В оковах страсти | страница 30
Сегодня, двенадцать лет спустя, этот король, мой ровесник, возглавлял Гамбургскую империю, простирающуюся до Италии, а я все сидела в своем замке. Никого из детей кайзера я больше никогда не видела, хотя мой отец, как свободный граф и подданный короля, присутствовал в свите на всех празднествах. Но меня не взяли с собой ни на свадьбу Юдит-Софи с королем Венгрии, ни на посвящение Аделаиды в аббатисы женского монастыря в Кведлинбурге, потому что всегда находились причины для того, чтобы оставить меня дома: температура, плохая погода или роды матери. В 1059 году отец присутствовал на свадьбе принцессы Матильды с герцогом Рудольфом Рейнфельдским. Поговаривали, что сначала герцог совратил принцессу, чтобы жениться на ней. Я грызла большой палец в недоумении. Может быть, он совратил ее на лошади? Туманной ночью выкрал прямо из постели и, ничем не покрытую, унес в ночь? А может быть, целая армия, угрожая оружием, подошла к императорскому дворцу, добиваясь того, чтобы она добровольно ушла с герцогом. Одна картина в моем воображении сменялась другой; я видела замок, герольдов, огромного боевого коня, развевающийся плащ, белокурые волосы на ветру… Интересно, испытывала ли принцесса с прекрасными карими глазами чувство страха?..
Первая из лошадей оказалась на пастбище, расположенном за замком. Его расчистили от леса лишь в прошлом году. Лошадь, шаля, скакала по всему пастбищу и громко ржала. Другие кони в диком галопе последовали за ней, кто-то с криком еще и подгонял их. Я сильнее наклонилась вперед и, к своему огромнейшему удивлению, узнала своего батрака, с хлыстом в руке бежавшего рядом с лошадьми. Как он пригнал их на выход? Это не было его обязанностью — и, вне всяких сомнений, ответственный за это человек получит дополнительную взбучку за свой сон. Конюхи сразу почувствовали, что Ганс Лошадиное Дерьмо, как они его прозвали на конюшне, умеет быстро найти общий язык с самыми капризными конями.
С огромным любопытством я наблюдала, как Ганс все быстрее бежал рядом с шалившими лошадьми позади коня вороной масти с длинной гривой и гнал его через пастбище.

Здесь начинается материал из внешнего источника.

text \<open>The t-adic valuation on T, t = 1 - zeta: the largest k such that t^k divides x in T
  (meaningful for nonzero x).\<close>
definition vt :: "nat \<Rightarrow> complex \<Rightarrow> complex \<Rightarrow> nat" where
  "vt p \<zeta> x = (GREATEST k. \<exists>y\<in>Tring p \<zeta>. x = (1 - \<zeta>) ^ k * y)"

definition minimally_ordered :: "nat \<Rightarrow> complex \<Rightarrow> nat \<Rightarrow> (nat \<Rightarrow> complex) \<Rightarrow> bool" where
  "minimally_ordered p \<zeta> r \<xi> \<longleftrightarrow>
     (\<forall>i<r. \<xi> i \<in> Tring p \<zeta>) \<and> inj_on \<xi> {0..<r} \<and>
     (\<forall>j<r. \<forall>k. j < k \<and> k < r \<longrightarrow>
        (\<Sum>i<j. vt p \<zeta> (\<xi> j - \<xi> i)) \<le> (\<Sum>i<j. vt p \<zeta> (\<xi> k - \<xi> i)))"

end

theory Submission
  imports Defs "Jordan_Normal_Form.Char_Poly" "HOL-Number_Theory.Cong"
begin

(*
  Put w(m) = v_t(1 - zeta^m). As zeta^i is a unit of T, v_t(tau_j - tau_i) = w(j - i). For
  0 < m < p^n the numbers zeta^m and zeta^(p^e), e = nu_p(m), are powers of each other, so
  1 - zeta^m and 1 - zeta^(p^e) divide each other in T and w(m) = f(nu_p(m)) with f nondecreasing.
  Writing f(e) as f(0) plus the increments f(d+1) - f(d), d < e, the sum of f(nu_p(j - i)) over
  i < j becomes a combination, with nonnegative coefficients, of the numbers of multiples of
  p^(d+1) among 1, ..., j; any j consecutive integers, such as k - i for i < j, contain at least
  as many multiples.

  That v_t(1 - zeta^m) is finite at all (the GREATEST exists) holds since 1 - zeta^m divides p^n,
  the binomial theorem makes p divide (1 - zeta)^(p^n), and 1/p is not in T: clearing
  denominators prime to p would make B/p with p not dividing B a rational algebraic integer.
*)

lemma power_mod_root_of_unity:
  fixes z :: "'a :: monoid_mult"
  assumes "z ^ M = 1"
  shows "z ^ (x mod M) = z ^ x"
  by (metis assms div_mult_mod_eq power_add power_mult power_one mult_1 mult.commute)

lemma algebraic_int_eigenvalue_of_int_mat:
  fixes A :: "int mat" and \<alpha> :: complex
  assumes A: "A \<in> carrier_mat M M" and ev: "eigenvalue (map_mat of_int A) \<alpha>"
  shows "algebraic_int \<alpha>"
proof -
  have "map_mat of_int A \<in> carrier_mat M M"
    using A by simp
  then have "poly (char_poly (map_mat of_int A)) \<alpha> = 0"
    using ev eigenvalue_root_char_poly by blast
  moreover have "char_poly (map_mat of_int A :: complex mat) = map_poly of_int (char_poly A)"
    by (rule of_int_hom.char_poly_hom[OF A])
  moreover have "lead_coeff (char_poly A) = 1"
    using degree_monic_char_poly[OF A] by simp
  ultimately show ?thesis
    unfolding algebraic_int_altdef_ipoly by auto
qed

lemma algebraic_int_int_combination_root_of_unity:
  fixes z :: complex and e :: "nat \<Rightarrow> int"
  assumes z: "z ^ M = 1" and M: "M > 0"
  shows "algebraic_int (\<Sum>i<N. of_int (e i) * z ^ i)"
proof -
  define \<alpha> where "\<alpha> = (\<Sum>i<N. of_int (e i) * z ^ i)"
  \<comment> \<open>The vector of the powers \<open>z ^ r\<close>, \<open>r < M\<close>, is an eigenvector for \<open>\<alpha>\<close> of the
    integer circulant matrix \<open>A\<close>.\<close>
  define A :: "int mat" where "A = mat M M (\<lambda>(l, r). \<Sum>i<N. if (i + l) mod M = r then e i else 0)"
  define v where "v = vec M (\<lambda>r. z ^ r)"
  have A: "A \<in> carrier_mat M M"
    unfolding A_def by simp
  have row: "(\<Sum>r<M. z ^ r * (\<Sum>i<N. of_int (if (i + l) mod M = r then e i else 0))) = \<alpha> * z ^ l"
    for l
  proof -
    have "(\<Sum>r<M. z ^ r * (\<Sum>i<N. of_int (if (i + l) mod M = r then e i else 0)))
        = (\<Sum>r<M. \<Sum>i<N. if (i + l) mod M = r then of_int (e i) * z ^ r else 0)"
      by (simp add: sum_distrib_left mult.commute if_distrib cong: if_cong)
    also have "\<dots> = (\<Sum>i<N. \<Sum>r<M. if (i + l) mod M = r then of_int (e i) * z ^ r else 0)"
      by (rule sum.swap)
    also have "\<dots> = (\<Sum>i<N. of_int (e i) * z ^ (i + l))"
      using M by (simp add: sum.delta' power_mod_root_of_unity[OF z])
    also have "\<dots> = \<alpha> * z ^ l"
      unfolding \<alpha>_def by (simp add: sum_distrib_right power_add mult.assoc)
    finally show ?thesis .
  qed
  have "map_mat of_int A *\<^sub>v v = \<alpha> \<cdot>\<^sub>v v"
    by (rule eq_vecI)
      (simp_all add: A_def v_def mult_mat_vec_def scalar_prod_def atLeast0LessThan of_int_sum
        mult.commute row)
  moreover have "v \<in> carrier_vec M" "v \<noteq> 0\<^sub>v M"
    using M by (auto simp: v_def dest!: arg_cong[where f = "\<lambda>u. u $ 0"])
  ultimately have "eigenvalue (map_mat of_int A) \<alpha>"
    using A unfolding eigenvalue_def eigenvector_def by auto
  then show ?thesis
    unfolding \<alpha>_def by (rule algebraic_int_eigenvalue_of_int_mat[OF A])
qed

context
  fixes p :: nat
  assumes p: "prime p"
begin

lemma Zloc_of_int: "of_int a \<in> Zloc p"
  unfolding Zloc_def using p prime_gt_1_nat by (intro CollectI exI[of _ a] exI[of _ 1]) auto

lemma Zloc_add_mult:
  assumes "x \<in> Zloc p" "y \<in> Zloc p"
  shows "x + y \<in> Zloc p" "x * y \<in> Zloc p"
proof -
  obtain a b where x: "x = of_int a / of_int b" "b \<noteq> 0" "\<not> int p dvd b"
    using assms(1) unfolding Zloc_def by auto
  obtain c d where y: "y = of_int c / of_int d" "d \<noteq> 0" "\<not> int p dvd d"
    using assms(2) unfolding Zloc_def by auto
  have bd: "b * d \<noteq> 0" "\<not> int p dvd b * d"
    using x y p by (auto simp: prime_dvd_mult_iff)
  have "x + y = of_int (a * d + c * b) / of_int (b * d)" "x * y = of_int (a * c) / of_int (b * d)"
    using x y by (simp_all add: field_simps)
  then show "x + y \<in> Zloc p" "x * y \<in> Zloc p"
    unfolding Zloc_def using bd by blast+
qed

lemma Tring_monomial: "c \<in> Zloc p \<Longrightarrow> c * z ^ k \<in> Tring p z"
  unfolding Tring_def using Zloc_of_int[of 0]
  by (intro CollectI exI[of _ "Suc k"] exI[of _ "\<lambda>i. if i = k then c else 0"])
    (auto simp: if_distrib sum.delta' cong: if_cong)

lemma Tring_add:
  assumes "x \<in> Tring p z" "y \<in> Tring p z"
  shows "x + y \<in> Tring p z"
proof -
  obtain N c where x: "x = (\<Sum>i<N. c i * z ^ i)" "\<forall>i. c i \<in> Zloc p"
    using assms(1) unfolding Tring_def by auto
  obtain N' d where y: "y = (\<Sum>i<N'. d i * z ^ i)" "\<forall>i. d i \<in> Zloc p"
    using assms(2) unfolding Tring_def by auto
  have pad: "(\<Sum>i<K. (if i < L then f i else 0) * z ^ i) = (\<Sum>i<L. f i * z ^ i)" if "L \<le> K"
    for f L K
    using that by (intro sum.mono_neutral_cong_right) auto
  define e where "e i = (if i < N then c i else 0) + (if i < N' then d i else 0)" for i
  have "x + y = (\<Sum>i<N + N'. e i * z ^ i)"
    unfolding x y e_def distrib_right sum.distrib by (simp add: pad)
  moreover have "\<forall>i. e i \<in> Zloc p"
    unfolding e_def using x y Zloc_of_int[of 0] Zloc_add_mult(1) by auto
  ultimately show ?thesis
    unfolding Tring_def by blast
qed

Боже правый, то был великолепный боевой конь, которого отец прочил для кельнского архиепископа. Но конь был еще необъезжен, и никто не мог оседлать его! Я затаила дыхание. Разбежавшись, Ганс ловко, как кошка, запрыгнул на спину лошади и проскакал на ней по пастбищу несколько кругов. Не вставая на дыбы, лошадь, навострив уши, слушала его команды. Конь и всадник смотрелись как единое целое, как кентавр из истории Нафтали о греческих богах. Почему-то подумалось, что нормандец сошел с ума. Если со скакуном что-нибудь случится…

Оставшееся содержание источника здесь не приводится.